Using the listing below, say how many of its lines hold "close". Offer nothing beyond the number.

:: DATA FOR THE TASK ::
========================================
lemma sat_succ_fm [simp]:
  "u < n \<Longrightarrow> u' < n \<Longrightarrow> sat E (succ_fm u u' n) env \<longleftrightarrow> succ_M E (env u) (env u')"
  by (simp add: succ_fm_def succ_M_def)

definition last_val_M :: "('m \<Rightarrow> 'm \<Rightarrow> bool) \<Rightarrow> 'm \<Rightarrow> 'm \<Rightarrow> 'm \<Rightarrow> bool" where
  "last_val_M E u u' z \<longleftrightarrow> (\<exists>p. E p u' \<and> \<not> E p u \<and> (\<exists>a. is_pair E p a z))"

definition last_val_fm :: "nat \<Rightarrow> nat \<Rightarrow> nat \<Rightarrow> nat \<Rightarrow> fm" where
  "last_val_fm u u' z n = Ex n (Conj (Mem n u') (Conj (Neg (Mem n u)) (Ex (n+1) (pair_fm n (n+1) z (n+2)))))"

lemma sat_last_val_fm [simp]:
  "u < n \<Longrightarrow> u' < n \<Longrightarrow> z < n \<Longrightarrow> sat E (last_val_fm u u' z n) env \<longleftrightarrow> last_val_M E (env u) (env u') (env z)"
  by (simp add: last_val_fm_def last_val_M_def)

definition pair_mem_M :: "('m \<Rightarrow> 'm \<Rightarrow> bool) \<Rightarrow> 'm \<Rightarrow> 'm \<Rightarrow> 'm \<Rightarrow> bool" where
  "pair_mem_M E v b R \<longleftrightarrow> (\<exists>p. E p R \<and> is_pair E p v b)"

definition pair_mem_fm :: "nat \<Rightarrow> nat \<Rightarrow> nat \<Rightarrow> nat \<Rightarrow> fm" where
  "pair_mem_fm v b R n = Ex n (Conj (Mem n R) (pair_fm n v b (n+1)))"

lemma sat_pair_mem_fm [simp]:
  "v < n \<Longrightarrow> b < n \<Longrightarrow> R < n \<Longrightarrow> sat E (pair_mem_fm v b R n) env \<longleftrightarrow> pair_mem_M E (env v) (env b) (env R)"
  by (simp add: pair_mem_fm_def pair_mem_M_def)

definition ranked_below_M :: "('m \<Rightarrow> 'm \<Rightarrow> bool) \<Rightarrow> 'm \<Rightarrow> 'm \<Rightarrow> 'm \<Rightarrow> bool" where
  "ranked_below_M E v b R \<longleftrightarrow> (\<exists>g. E g b \<and> pair_mem_M E v g R)"

definition ranked_below_fm :: "nat \<Rightarrow> nat \<Rightarrow> nat \<Rightarrow> nat \<Rightarrow> fm" where
  "ranked_below_fm v b R n = Ex n (Conj (Mem n b) (pair_mem_fm v n R (n+1)))"

lemma sat_ranked_below_fm [simp]:
  "v < n \<Longrightarrow> b < n \<Longrightarrow> R < n \<Longrightarrow> sat E (ranked_below_fm v b R n) env \<longleftrightarrow> ranked_below_M E (env v) (env b) (env R)"
  by (simp add: ranked_below_fm_def ranked_below_M_def)

text \<open>"Infinitely many successors of \<open>u\<close> are ranked below \<open>b\<close>", stated without \<open>\<omega>\<close>: every
  successor is exceeded in its last value by one ranked below \<open>b\<close>.\<close>

definition cofinal_succs_M :: "('m \<Rightarrow> 'm \<Rightarrow> bool) \<Rightarrow> 'm \<Rightarrow> 'm \<Rightarrow> 'm \<Rightarrow> 'm \<Rightarrow> bool" where
  "cofinal_succs_M E \<tau> u b R \<longleftrightarrow> (\<forall>u1. E u1 \<tau> \<and> succ_M E u u1 \<longrightarrow>
     (\<exists>u2. E u2 \<tau> \<and> succ_M E u u2 \<and> ranked_below_M E u2 b R
        \<and> (\<exists>z1 z2. last_val_M E u u1 z1 \<and> last_val_M E u u2 z2 \<and> E z1 z2)))"

definition cofinal_succs_fm :: "nat \<Rightarrow> nat \<Rightarrow> nat \<Rightarrow> nat \<Rightarrow> nat \<Rightarrow> fm" where
  "cofinal_succs_fm \<tau> u b R n = Forall n (Imp (Conj (Mem n \<tau>) (succ_fm u n (n+1)))
     (Ex (n+1) (Conj (Mem (n+1) \<tau>) (Conj (succ_fm u (n+1) (n+2)) (Conj (ranked_below_fm (n+1) b R (n+2))
       (Ex (n+2) (Ex (n+3) (Conj (last_val_fm u n (n+2) (n+4))
         (Conj (last_val_fm u (n+1) (n+3) (n+4)) (Mem (n+2) (n+3)))))))))))"

lemma sat_cofinal_succs_fm [simp]:
  "\<tau> < n \<Longrightarrow> u < n \<Longrightarrow> b < n \<Longrightarrow> R < n \<Longrightarrow>
    sat E (cofinal_succs_fm \<tau> u b R n) env \<longleftrightarrow> cofinal_succs_M E (env \<tau>) (env u) (env b) (env R)"
  by (simp add: cofinal_succs_fm_def cofinal_succs_M_def)

text \<open>A pair \<open>(u, b)\<close> in a rank witness \<open>R\<close> records that node \<open>u\<close> has rank at most \<open>b\<close>.\<close>

definition rank_witness_M :: "('m \<Rightarrow> 'm \<Rightarrow> bool) \<Rightarrow> 'm \<Rightarrow> 'm \<Rightarrow> 'm \<Rightarrow> bool" where
  "rank_witness_M E D \<tau> R \<longleftrightarrow> (\<forall>p. E p R \<longrightarrow> (\<exists>u b. is_pair E p u b \<and> E u \<tau>
     \<and> (dense_stem_M E D \<tau> u \<or> cofinal_succs_M E \<tau> u b R)))"

definition rank_witness_fm :: "nat \<Rightarrow> nat \<Rightarrow> nat \<Rightarrow> nat \<Rightarrow> fm" where
  "rank_witness_fm D \<tau> R n = Forall n (Imp (Mem n R) (Ex (n+1) (Ex (n+2)
     (Conj (pair_fm n (n+1) (n+2) (n+3)) (Conj (Mem (n+1) \<tau>)
       (Disj (dense_stem_fm D \<tau> (n+1) (n+3)) (cofinal_succs_fm \<tau> (n+1) (n+2) R (n+3))))))))"

lemma sat_rank_witness_fm [simp]:
  "D < n \<Longrightarrow> \<tau> < n \<Longrightarrow> R < n \<Longrightarrow> sat E (rank_witness_fm D \<tau> R n) env \<longleftrightarrow> rank_witness_M E (env D) (env \<tau>) (env R)"
  by (simp add: rank_witness_fm_def rank_witness_M_def)

definition ordinal_M :: "('m \<Rightarrow> 'm \<Rightarrow> bool) \<Rightarrow> 'm \<Rightarrow> bool" where
  "ordinal_M E a \<longleftrightarrow> (\<forall>y. E y a \<longrightarrow> subset_M E y a \<and> (\<forall>w. E w y \<longrightarrow> subset_M E w y))"

definition ordinal_fm :: "nat \<Rightarrow> nat \<Rightarrow> fm" where
  "ordinal_fm a n = Forall n (Imp (Mem n a) (Conj (subset_fm n a (n+1))
     (Forall (n+1) (Imp (Mem (n+1) n) (subset_fm (n+1) n (n+2))))))"

lemma sat_ordinal_fm [simp]: "a < n \<Longrightarrow> sat E (ordinal_fm a n) env \<longleftrightarrow> ordinal_M E (env a)"
  by (simp add: ordinal_fm_def ordinal_M_def)

definition ranks_in_M :: "('m \<Rightarrow> 'm \<Rightarrow> bool) \<Rightarrow> 'm \<Rightarrow> 'm \<Rightarrow> bool" where
  "ranks_in_M E R a \<longleftrightarrow> (\<forall>p. E p R \<longrightarrow> (\<exists>u b. is_pair E p u b \<and> E b a))"

definition ranks_in_fm :: "nat \<Rightarrow> nat \<Rightarrow> nat \<Rightarrow> fm" where
  "ranks_in_fm R a n = Forall n (Imp (Mem n R)
     (Ex (n+1) (Ex (n+2) (Conj (pair_fm n (n+1) (n+2) (n+3)) (Mem (n+2) a)))))"

lemma sat_ranks_in_fm [simp]:
  "R < n \<Longrightarrow> a < n \<Longrightarrow> sat E (ranks_in_fm R a n) env \<longleftrightarrow> ranks_in_M E (env R) (env a)"
  by (simp add: ranks_in_fm_def ranks_in_M_def)

definition rank_bounded_M :: "('m \<Rightarrow> 'm \<Rightarrow> bool) \<Rightarrow> 'm \<Rightarrow> 'm \<Rightarrow> 'm \<Rightarrow> 'm \<Rightarrow> bool" where
  "rank_bounded_M E D \<tau> v a \<longleftrightarrow> (\<exists>R. rank_witness_M E D \<tau> R \<and> ranks_in_M E R a \<and> (\<exists>b. pair_mem_M E v b R))"

definition rank_bounded_fm :: "nat \<Rightarrow> nat \<Rightarrow> nat \<Rightarrow> nat \<Rightarrow> nat \<Rightarrow> fm" where
  "rank_bounded_fm D \<tau> v a n = Ex n (Conj (rank_witness_fm D \<tau> n (n+1))
     (Conj (ranks_in_fm n a (n+1)) (Ex (n+1) (pair_mem_fm v (n+1) n (n+2)))))"

lemma sat_rank_bounded_fm [simp]:
  "D < n \<Longrightarrow> \<tau> < n \<Longrightarrow> v < n \<Longrightarrow> a < n \<Longrightarrow>
    sat E (rank_bounded_fm D \<tau> v a n) env \<longleftrightarrow> rank_bounded_M E (env D) (env \<tau>) (env v) (env a)"
  by (simp add: rank_bounded_fm_def rank_bounded_M_def)

definition has_rank_M :: "('m \<Rightarrow> 'm \<Rightarrow> bool) \<Rightarrow> 'm \<Rightarrow> 'm \<Rightarrow> 'm \<Rightarrow> bool" where
  "has_rank_M E D \<tau> v \<longleftrightarrow> (\<exists>a. ordinal_M E a \<and> rank_bounded_M E D \<tau> v a)"

definition has_rank_fm :: "nat \<Rightarrow> nat \<Rightarrow> nat \<Rightarrow> nat \<Rightarrow> fm" where
  "has_rank_fm D \<tau> v n = Ex n (Conj (ordinal_fm n (n+1)) (rank_bounded_fm D \<tau> v n (n+1)))"

lemma sat_has_rank_fm [simp]:
  "D < n \<Longrightarrow> \<tau> < n \<Longrightarrow> v < n \<Longrightarrow> sat E (has_rank_fm D \<tau> v n) env \<longleftrightarrow> has_rank_M E (env D) (env \<tau>) (env v)"
  by (simp add: has_rank_fm_def has_rank_M_def)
========================================
:: RESPONSE AREA ::
3